E claro, o debate provoca o pensamento. E boa parte da população brasileira não está preparada para o debate. Lembremos que gerações foram formadas para obedecer, educadas na ditadura militar, sob forte censura nos livros e nos métodos didáticos. Muitas pessoas do Brasil não sabem debater porque os governos ditatoriais do século XX alienou-as de seus lugares políticos, formou-as para obedecer patrões e governos e se calar, sob a imposição do medo e da punição.
Acho que é aí que nasce o ódio de gerações que, vítimas de baixos investimentos em educação, condenam os professores. Porque, claro, o jovem, na cabeça dessa geração vitimada, não é capaz de pensar por si só. Ele só ocupa as ruas, só reivindica direitos, só toma consciência política de classe e de identidade se for doutrinado por alguém. Para a geração educada no século XX, sob o medo e a repressão, um jovem não pode querer ser o que quiser.
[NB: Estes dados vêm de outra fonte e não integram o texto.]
lemma monomial_fun_mult:
  assumes "monomial_fun V g" "monomial_fun V h"
  shows "monomial_fun V (\<lambda>x. g x * h x)"
proof -
  obtain c b where c: "c > 0" "\<forall>x. (\<forall>v\<in>V. x v > 0) \<longrightarrow> g x = c * (\<Prod>v\<in>V. x v powr b v)"
    using assms(1) unfolding monomial_fun_def by blast
  obtain c' b' where c': "c' > 0" "\<forall>x. (\<forall>v\<in>V. x v > 0) \<longrightarrow> h x = c' * (\<Prod>v\<in>V. x v powr b' v)"
    using assms(2) unfolding monomial_fun_def by blast
  show ?thesis
    unfolding monomial_fun_def
  proof (intro exI[of _ "c * c'"] exI[of _ "\<lambda>v. b v + b' v"] conjI allI impI)
    fix x :: "_ \<Rightarrow> real"
    assume "\<forall>v\<in>V. x v > 0"
    then show "g x * h x = c * c' * (\<Prod>v\<in>V. x v powr (b v + b' v))"
      using c c' by (simp add: powr_add prod.distrib)
  qed (use c c' in simp)
qed

lemma monomial_fun_power:
  assumes "monomial_fun V g"
  shows "monomial_fun V (\<lambda>x. g x ^ n)"
  by (induction n) (simp_all add: monomial_fun_const monomial_fun_mult assms)

lemma monomial_fun_prod:
  assumes "finite I" "\<And>i. i \<in> I \<Longrightarrow> monomial_fun V (g i)"
  shows "monomial_fun V (\<lambda>x. \<Prod>i\<in>I. g i x)"
  using assms by (induction I rule: finite_induct) (simp_all add: monomial_fun_const monomial_fun_mult)

lemma monomial_fun_powr:
  assumes "monomial_fun V g"
  shows "monomial_fun V (\<lambda>x. g x powr p)"
proof -
  obtain c b where c: "c > 0" "\<forall>x. (\<forall>v\<in>V. x v > 0) \<longrightarrow> g x = c * (\<Prod>v\<in>V. x v powr b v)"
    using assms unfolding monomial_fun_def by blast
  show ?thesis
    unfolding monomial_fun_def
  proof (intro exI[of _ "c powr p"] exI[of _ "\<lambda>v. b v * p"] conjI allI impI)
    fix x :: "_ \<Rightarrow> real"
    assume "\<forall>v\<in>V. x v > 0"
    then have "g x powr p = c powr p * (\<Prod>v\<in>V. x v powr b v) powr p"
      using c by (simp add: powr_mult prod_nonneg)
    then show "g x powr p = c powr p * (\<Prod>v\<in>V. x v powr (b v * p))"
      by (simp add: prod_powr_distrib powr_powr)
  qed (use c in simp)
qed

lemma monomial_fun_inverse:
  assumes "monomial_fun V g"
  shows "monomial_fun V (\<lambda>x. inverse (g x))"
  using monomial_fun_powr[OF assms, of "-1"]
  by (rule monomial_fun_cong) (simp add: powr_minus less_imp_le monomial_fun_pos[OF assms])

lemma posynomial_cong:
  assumes "posynomial V g" "\<And>x. (\<forall>v\<in>V. x v > 0) \<Longrightarrow> g x = h x"
  shows "posynomial V h"
  using assms unfolding posynomial_def by metis

lemma posynomial_zero: "posynomial V (\<lambda>x. 0)"
  unfolding posynomial_def by (intro exI[of _ 0]) simp

lemma monomial_fun_imp_posynomial:
  assumes "monomial_fun V g"
  shows "posynomial V g"
proof -
  obtain c b where "c > 0" "\<forall>x. (\<forall>v\<in>V. x v > 0) \<longrightarrow> g x = c * (\<Prod>v\<in>V. x v powr b v)"
    using assms unfolding monomial_fun_def by blast
  then show ?thesis
    unfolding posynomial_def by (intro exI[of _ 1] exI[of _ "\<lambda>_. c"] exI[of _ "\<lambda>_. b"]) simp
qed

lemma sum_lessThan_add:
  fixes f :: "nat \<Rightarrow> 'a::comm_monoid_add"
  shows "(\<Sum>k<m + n. f k) = (\<Sum>k<m. f k) + (\<Sum>k<n. f (m + k))"
  by (induction n) (simp_all add: add.assoc)

lemma posynomial_add:
  assumes "posynomial V g" "posynomial V h"
  shows "posynomial V (\<lambda>x. g x + h x)"
proof -
  obtain m :: nat and c b where
    c: "\<forall>k<m. c k > 0" "\<forall>x. (\<forall>v\<in>V. x v > 0) \<longrightarrow> g x = (\<Sum>k<m. c k * (\<Prod>v\<in>V. x v powr b k v))"
    using assms(1) unfolding posynomial_def by blast
  obtain m' :: nat and c' b' where
    c': "\<forall>k<m'. c' k > 0" "\<forall>x. (\<forall>v\<in>V. x v > 0) \<longrightarrow> h x = (\<Sum>k<m'. c' k * (\<Prod>v\<in>V. x v powr b' k v))"
    using assms(2) unfolding posynomial_def by blast
  define C where "C k = (if k < m then c k else c' (k - m))" for k
  define B where "B k = (if k < m then b k else b' (k - m))" for k
  show ?thesis
    unfolding posynomial_def
  proof (intro exI[of _ "m + m'"] exI[of _ C] exI[of _ B] conjI allI impI)
    fix k
    assume "k < m + m'"
    then show "C k > 0"
      using c c' by (simp add: C_def)
  next
    fix x :: "_ \<Rightarrow> real"
    assume "\<forall>v\<in>V. x v > 0"
    then show "g x + h x = (\<Sum>k<m + m'. C k * (\<Prod>v\<in>V. x v powr B k v))"
      using c c' by (simp add: sum_lessThan_add C_def B_def)
  qed
qed

lemma posynomial_sum:
  assumes "finite I" "\<And>i. i \<in> I \<Longrightarrow> posynomial V (g i)"
  shows "posynomial V (\<lambda>x. \<Sum>i\<in>I. g i x)"
  using assms by (induction I rule: finite_induct) (simp_all add: posynomial_zero posynomial_add)

lemma Delta_subset_support: "Delta f d \<subseteq> {\<alpha>. f \<alpha> \<noteq> 0}"
  unfolding Delta_def Omega_def by auto

lemma Delta_lt_subset_Delta: "Delta_lt f d \<subseteq> Delta f d"
  unfolding Delta_lt_def by auto

lemma Delta_coeff_nonzero: "\<alpha> \<in> Delta f d \<Longrightarrow> f \<alpha> \<noteq> 0"
  using Delta_subset_support by blast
Porque essa geração não pôde ser o que quis. E acha que todos devem, como ela, amargurar não poder escolher.
A ampliação e a gana fascista que tomou conta do cenário político nos últimos anos é resultado do ódio ao investimento sólido em educação. Porque foi nos governos petistas que a educação chegou a muito mais pessoas do que antes, de forma muito menos dogmática e muito mais democrática que nos anos de chumbo ou nos anos de transição do século. As primeiras décadas do século XXI mostraram ao jovem brasileiro que a educação gratuita e pública pode sim levá-los a outros lugares, a outras conquistas, a aceitação de si mesmo sem tantas obediências a normas vazias de conduta. Por isso a marcha fascista é, sobretudo, contra a educação.
A lógica fascista quer censurar a escola que criou transformações. Por isso as mentiras das mais variadas maneiras, como o “kit gay”. Porque o fascista ama a obediência cega, sem o debate. Porque o fascista não sabe conquistar o respeito das pessoas a não ser pelo medo, pelo autoritarismo, pelo silêncio, pela ameaça e pela força. Porque ele não se garante no debate. Ele não tem argumentos contra o desejo de liberdade e de mudança que tomou conta de boa parte da juventude brasileira, eclodindo nas manifestações de 2013. Por isso os golpes políticos, a violência gratuita.
Vivemos o período mais sombrio do início deste século. Um século que nasceu com promessas de prosperidade, mas que se volta para o início do século passado, no ressurgimento fascista descabido. Estamos às portas de mergulhar outra vez nos anos de chumbo onde qualquer expressão gerava cadeia e morte. E os professores, os intelectuais e os jovens que se opõem serão os primeiros a morrer. Por isso, enquanto ainda houver possibilidade de debate, que aqueles que acreditam que a educação é o único caminho transformador, que não elejam Bolsonaro. Há nele o que há de pior no Ocidente. E ele nos levará a todos ao mais profundo caos que já enfrentamos. Porque nunca vivemos sob a ameaça real do fascismo. E o fascismo matou milhares de pessoas no mundo todo.